Microsatellite Analysis with Linked Pedigree
Microsatellite Analysis (SSR, STR, VNTR, MLVA)
Microsatellites (also known as simple-sequence-repeats, simple-tandem-repeats, variable-nucleotidetandem-repeats in eukaryote research; and Multiple-Loci-VNTR-Analysis in microbial research) are widely used to determine the genotype of organisms based on naturally occuring variation. With eukaryotes, the genotypes are used in areas like population genetics, forensics, agriculture advancement. With bacteria and other microbes, MLVA is used for population genetics, to study transmission routes, sources of infection and the impact of vaccination and use of antibiotics on antibiotic resistance. GeneMarker decreases analysis set-up time, in comparison to GeneMapper®, Genotyper™, GeneScan®, CEQ™ Fragment Analysis Software, through automated correction of common genotyping problems including saturated and pull-up peaks, instrument spikes and stutter peaks. A flexible panel editor provides custom panels required for microsatellite analysis. GeneMarker’s automated Run Wizard is designed to make analysis quick, easy, and accurate; compatible with ABI PRISM® 310-3100-3130-3500, 3730, Beckman CEQ™ or MegaBACE™ genetic analyzers. Visit our webinar for additional details on Microsatellite Analysis Tools in GeneMarker Software.

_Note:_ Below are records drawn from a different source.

(* Let $(t_j^i)_{0\le j\le i}$ be real numbers and let $h_{j,k}^i$ ($0\le k\le i$, $0\le j\le i-k$) be defined by $h_{j,0}^i=t_j^i$ and $h_{j,k}^i=h_{j,k-1}^{i-1}+h_{j,k-1}^{i}+h_{j+1,k-1}^{i}$ for $k\ge 1$. If $t_j^i=t_{i-j}^i$ for all $0\le j\le i$, then $h_{j,k}^i=h_{i-(j+k),k}^i$ for all $0\leq k \leq i$, $0\leq j \leq i-k$. *)

theory Defs
  imports Complex_Main
begin

text \<open>The triangular array t is given as a function t i j (meaningful for j \<le> i).
  hh t i j k is h^i_{j,k}; the recursion only refers to indices within the
  range 0 \<le> k \<le> i, 0 \<le> j \<le> i - k when started inside that range.\<close>

primrec hh :: "(nat \<Rightarrow> nat \<Rightarrow> real) \<Rightarrow> nat \<Rightarrow> nat \<Rightarrow> nat \<Rightarrow> real" where
  "hh t i j 0 = t i j"
| "hh t i j (Suc k) = hh t (i - 1) j k + hh t i j k + hh t i (Suc j) k"

end

(* The reflection j |-> i - (j + k) maps the admissible range of h^i_{.,k}
   onto itself; on the three terms of the recursion for h^i_{j,k+1} it fixes the first one
   (row i - 1, where i - 1 - (j + k) is the reflection of j) and swaps the other two. *)

theory Submission
  imports Defs
begin

lemma hh_reflect:
  fixes t :: "nat \<Rightarrow> nat \<Rightarrow> real"
  assumes sym: "\<And>i j. j \<le> i \<Longrightarrow> t i j = t i (i - j)"
    and "k \<le> i" and "j \<le> i - k"
  shows "hh t i j k = hh t i (i - (j + k)) k"
  using assms(2,3)
proof (induction k arbitrary: i j)
  case 0
  then show ?case using sym[of j i] by simp
next
  case (Suc k)
  define j' where "j' = i - (j + Suc k)"
  have first: "hh t (i - 1) j k = hh t (i - 1) j' k"
    using Suc.IH[of "i - 1" j] Suc.prems by (simp add: j'_def)
  have middle: "hh t i j k = hh t i (Suc j') k"
    using Suc.IH[of i j] Suc.prems by (simp add: j'_def Suc_diff_Suc)
  have last: "hh t i (Suc j) k = hh t i j' k"
    using Suc.IH[of i "Suc j"] Suc.prems by (simp add: j'_def)
  have "hh t i j (Suc k) = hh t (i - 1) j' k + hh t i j' k + hh t i (Suc j') k"
    using first middle last by simp
  then show ?case by (simp add: j'_def)
qed

theorem theorem5:
  fixes t :: "nat \<Rightarrow> nat \<Rightarrow> real"
  assumes sym: "\<And>i j. j \<le> i \<Longrightarrow> t i j = t i (i - j)"
  shows "\<forall>i k j. k \<le> i \<longrightarrow> j \<le> i - k \<longrightarrow> hh t i j k = hh t i (i - (j + k)) k"
  using hh_reflect[where t = t, OF sym] by blast

end
lemma Psi_eigenfunction_mult_near:
  assumes \<Omega>: "open \<Omega>" and \<phi>1: "W2p p \<Omega> \<phi>1" "\<forall>x\<in>\<Omega>. \<phi>1 x > 0"
    and eigen: "AE x in lebesgue_on \<Omega>. Lop \<Omega> A b c \<phi>1 x + lam1 * \<phi>1 x = 0"
    and \<psi>: "integrable (lebesgue_on \<Omega>) \<psi>" "integrable (lebesgue_on \<Omega>) (\<lambda>x. \<phi>1 x * \<psi> x)"
    and I: "(\<integral>x. \<phi>1 x * \<psi> x \<partial>lebesgue_on \<Omega>) > 0"
    and f: "mono f" "\<forall>s. \<bar>f s - bb * max s 0\<bar> \<le> C"
  shows "AE x in lebesgue_on \<Omega>. \<bar>Psi \<Omega> A b c \<phi>1 \<psi> f (\<lambda>x. t * \<phi>1 x) x - t * \<phi>1 x\<bar>
    \<le> C + C * (\<integral>x. \<bar>\<psi> x\<bar> \<partial>lebesgue_on \<Omega>) / (\<integral>x. \<phi>1 x * \<psi> x \<partial>lebesgue_on \<Omega>) * \<bar>\<phi>1 x\<bar>"
proof -
  define h where "h x = f (t * \<phi>1 x) - bb * max t 0 * \<phi>1 x" for x
  have h_bound: "\<forall>x\<in>\<Omega>. \<bar>h x\<bar> \<le> C"
  proof
    fix x assume "x \<in> \<Omega>"
    then have "max (t * \<phi>1 x) 0 = max t 0 * \<phi>1 x"
      using \<phi>1(2) by (auto simp: max_def mult_le_0_iff zero_le_mult_iff)
    then show "\<bar>h x\<bar> \<le> C"
      using f(2) by (metis h_def mult.assoc)
  qed
  have "\<phi>1 \<in> borel_measurable (lebesgue_on \<Omega>)"
    using \<phi>1(1) by (simp add: W2p_def Lp_def)
  then have h_measurable: "h \<in> borel_measurable (lebesgue_on \<Omega>)"
    using borel_measurable_mono[OF f(1)] unfolding h_def by measurable
  have "AE x in lebesgue_on \<Omega>. Psi \<Omega> A b c \<phi>1 \<psi> f (\<lambda>x. t * \<phi>1 x) x = t * \<phi>1 x - Pproj \<Omega> \<phi>1 \<psi> h x"
    using Psi_eigenfunction_mult_AE[OF \<Omega> \<phi>1(1) eigen \<psi>(2), where t=t and s="bb * max t 0" and f=f] I
      integrable_mult_bounded[OF \<psi>(1) h_measurable h_bound]
    by (simp add: h_def[abs_def])
  then show ?thesis
    using AE_space
    by eventually_elim (use abs_Pproj_le[OF \<psi>(1) h_measurable h_bound I] in auto)
qed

- Saturation Correction: Analysis of saturated data points by creating a synthetic peak based upon the peak
shape before and after saturation.
- Baseline Subtraction: The software removes the baseline so that the Y axis is above the noise level.
- Pull-up Correction: This function removes peaks caused by wavelength bleeding.
- Spike Correction: The software automatically removes peaks from voltage spikes caused by micro- air
bubbles or debris in the laser path.
- Stutter Peak Correction: The software automatically filters for stutter peaks caused by PCR slippage.
Linked Pedigree Tool
The user can either open an existing pedigree file of type ped or pre or create a new pedigree file in GeneMarker’s pedigree tool. The pedigree chart is designed to aid identification of inheritance patterns and abnormalities. All individuals in the pedigree with sample files are directly linked to the corresponding electropherograms with a mouse click, and individuals with illogical or abnormal allele calls are highlighted in red. The link between the pedigree and the electropherograms displaying allele calls for each marker make analysis makes analysis quick and efficient.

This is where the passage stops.